La Società Italiana di Genetica Umana (SIGU) consiglia di eseguire l'indagine citogenetica sul liquido amniotico analizzando almeno 16 metefasi provenienti da 12 colonie. Ciò consente di escludere le anomalie cromosomiche "a mosaico", quando sono presenti in percentuali superiori al 30 %.
Naturalmente la presenza di un cariotipo normale e la normalità delle analisi biochimiche nel liquido amniotico non esclude completamente l'evenienza che il feto possa avere forme di ritardo mentale od anomalie congenite dovute ad altre cause, come, ad esempio, le anomalie genetiche o le malformazioni non legate ad alterazioni dei cromosomi.
Infine la possibilità che si verifichi un insuccesso della coltura delle cellule fetali - per cui potrebbe rendersi necessaria la ripetizione del prelievo - è intorno allo 0,5 % e cioè circa 5 casi ogni 1.000 analisi.
Nel II trimestre di gravidanza, periodo nel quale generalmente viene effettuata l'amniocentesi, l'abortività spontanea viene stimata intorno all' 1 %, in una popolazione di gravide considerate "a basso rischio ostetrico" [studio randomizzato danese: Tabor et alii, Lancet 1:1287, 1986].
Questo significa che circa 10 donne su 1.000, statisticamente, abortiscono naturalmente tra la 13° e la 26° settimana ovvero tra il IV ed il VI mese di gravidanza, indipendentemente dall'aver effettuato - o meno - un'amniocentesi diagnostica.
Nelle donne che si sottopongono ad amniocentesi viene riportato, nella letteratura scientifica, un rischio ulteriore di complicazioni fetali stimato intorno allo 0,5 %. Ciò equivale a dire che ogni 1.000 donne che effettuano il prelievo del liquido amniotico circa 5, statisticamente, potrebbero avere complicanze della gravidanza fino all'aborto .
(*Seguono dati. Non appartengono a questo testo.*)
(* Every linear flow is parabolic or hyperbolic.
   Context: A linear flow is an injective homomorphism $\Phi:\mathbb{R}\to\mathrm{PGL}(n+1,\mathbb{R})$ such that the orbit of every point of $\mathbb{RP}^n$ is a proper subset of a projective line. A reparameterization of $\Phi$ is $\Phi\circ\phi$ for an isomorphism $\phi:\mathbb{R}\to\mathbb{R}$. A linear flow is parabolic if, after reparameterization, there is $\pi\in\mathrm{End}(\mathbb{R}^{n+1})$ with $\pi^2=0$ and $\Phi_t[x]=[x+t\pi(x)]$ for all $t$ and $x$. It is hyperbolic if, after reparameterization, there is a direct sum decomposition $\mathbb{R}^{n+1}=A\oplus B$ with $\Phi_t[a+b]=[a+e^t b]$ for all $a\in A$, $b\in B$, $t\in\mathbb{R}$. *)

theory Defs
  imports "HOL-Analysis.Analysis"
begin

text \<open>Vectors of \<open>real ^ 'n\<close> model R^(n+1); a point of RP^n is the class [x] of a
nonzero vector x.\<close>

definition proj_eq :: "real ^ 'n \<Rightarrow> real ^ 'n \<Rightarrow> bool" where
  "proj_eq x y \<longleftrightarrow> (\<exists>c. c \<noteq> 0 \<and> x = c *\<^sub>R y)"

text \<open>A map \<open>\<Phi> : R \<rightarrow> PGL(n+1,R)\<close> is given by a (continuous) lift
\<open>M : R \<rightarrow> GL(n+1,R)\<close>, with \<open>\<Phi>_t = [M t]\<close>, so \<open>\<Phi>_t [x] = [M t *v x]\<close>.\<close>

definition is_proj_hom :: "(real \<Rightarrow> real ^ 'n ^ 'n) \<Rightarrow> bool" where
  "is_proj_hom M \<longleftrightarrow>
     (\<forall>t. invertible (M t)) \<and>
     (\<forall>s t. \<exists>c. c \<noteq> 0 \<and> M (s + t) = c *\<^sub>R (M s ** M t))"

definition proj_injective :: "(real \<Rightarrow> real ^ 'n ^ 'n) \<Rightarrow> bool" where
  "proj_injective M \<longleftrightarrow> (\<forall>s t. (\<exists>c. c \<noteq> 0 \<and> M s = c *\<^sub>R M t) \<longrightarrow> s = t)"

text \<open>The orbit of [x] is a proper subset of a projective line P (P a 2-dim subspace).\<close>
definition orbit_in_proper_line :: "(real \<Rightarrow> real ^ 'n ^ 'n) \<Rightarrow> real ^ 'n \<Rightarrow> bool" where
  "orbit_in_proper_line M x \<longleftrightarrow>
     (\<exists>P. subspace P \<and> dim P = 2 \<and> (\<forall>t. M t *v x \<in> P) \<and>
          (\<exists>y\<in>P. y \<noteq> 0 \<and> (\<forall>t. \<not> proj_eq y (M t *v x))))"

definition linear_flow :: "(real \<Rightarrow> real ^ 'n ^ 'n) \<Rightarrow> bool" where
  "linear_flow M \<longleftrightarrow>
     continuous_on UNIV M \<and> is_proj_hom M \<and> proj_injective M \<and>
     (\<forall>x. x \<noteq> 0 \<longrightarrow> orbit_in_proper_line M x)"

definition reparam :: "(real \<Rightarrow> real) \<Rightarrow> bool" where
  "reparam \<phi> \<longleftrightarrow> bij \<phi> \<and> continuous_on UNIV \<phi> \<and> (\<forall>s t. \<phi> (s + t) = \<phi> s + \<phi> t)"

definition parabolic :: "(real \<Rightarrow> real ^ 'n ^ 'n) \<Rightarrow> bool" where
  "parabolic M \<longleftrightarrow>
     (\<exists>\<phi> \<pi>. reparam \<phi> \<and> \<pi> ** \<pi> = 0 \<and>
        (\<forall>t x. x \<noteq> 0 \<longrightarrow> proj_eq (M (\<phi> t) *v x) (x + t *\<^sub>R (\<pi> *v x))))"

definition hyperbolic :: "(real \<Rightarrow> real ^ 'n ^ 'n) \<Rightarrow> bool" where
  "hyperbolic M \<longleftrightarrow>
     (\<exists>\<phi> A B. reparam \<phi> \<and> subspace A \<and> subspace B \<and> A \<inter> B = {0} \<and>
        {a + b | a b. a \<in> A \<and> b \<in> B} = UNIV \<and>
        (\<forall>a b t. a \<in> A \<longrightarrow> b \<in> B \<longrightarrow> a + b \<noteq> 0 \<longrightarrow>
           proj_eq (M (\<phi> t) *v (a + b)) (a + exp t *\<^sub>R b)))"

end

theory Submission
  imports Defs
begin

(* Write M t = c t P t with P a continuous one-parameter subgroup of GL(n+1): normalising
   det M t to absolute value 1 leaves a sign ambiguity, which is constant by connectedness.
   Such a group is differentiable, P' = X P.  If the orbit of u lies in a plane S, then
   differentiating shows that X u and X\<^sup>2 u lie in S too, so X\<^sup>2 u is in span {u, X u}.
   Since this holds for every u, a perturbation-and-limit argument shows that X satisfies
   a single quadratic relation.  According to its roots, P t acts by e^(r1 t) and e^(r2 t) on two
   complementary eigenspaces (hyperbolic), or P t = e^(r t) (I + t \<pi>) with \<pi>\<^sup>2 = 0
   (parabolic), or P t is a rotation up to scaling; in the last case P (pi / w) is a scalar
   matrix, contradicting injectivity. *)

section \<open>Pairs of vectors and Gram determinants\<close>

lemma not_collinear_lincomb_eq_0:
  assumes "\<not> collinear {0, u, v}" and "a *\<^sub>R u + b *\<^sub>R v = 0"
  shows "a = 0 \<and> b = 0"
proof -
  have "b = 0"
  proof (rule ccontr)
    assume "b \<noteq> 0"
    have "b *\<^sub>R v = - (a *\<^sub>R u)" using assms(2) by (simp add: add_eq_0_iff)
    then have "v = (- a / b) *\<^sub>R u"
      using \<open>b \<noteq> 0\<close> by (metis divide_inverse_commute scaleR_minus_left scaleR_scaleR vector_fraction_eq_iff)
    then show False using assms(1) collinear_lemma by blast
  qed
  moreover have "u \<noteq> 0" using assms(1) by auto
  ultimately show ?thesis using assms(2) by simp
qed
Quindi il rischio d'aborto legato all'amniocentesi diagnostica effettuata nel II trimestre normalmente si intende come un rischio aggiuntivo rispetto al rischio naturale di abortività spontanea.
In sintesi, una donna che si sottopone ad amniocentesi nel corso del II trimestre affronta - complessivamente - un rischio dell' 1,5 % (circa) di avere un aborto: l' 1 % rappresentato dal rischio naturale (considerato inevitabile) più un ulteriore 0,5 % rappresentato dal rischio connesso con il prelievo.
Per garantire la sicurezza dell'amniocentesi è fondamentale ricordare che un ruolo di primaria importanza è attribuibile all'esperienza di chi esegue il prelievo.
L'OMS (Organizzazione Mondiale della Sanità) raccomanda che "il prelievo venga effettuato esclusivamente da operatori adeguatamente preparati e di provata esperienza".
Per quanto riguarda le complicazioni materne le più frequenti sono rappresentate da:
perdite di liquido amniotico,
perdite ematiche,
contrazioni uterine.
Questi eventi sono facilmente riconoscibili e, se si verificano, in genere compaiono immediatamente o quasi subito dopo il prelievo.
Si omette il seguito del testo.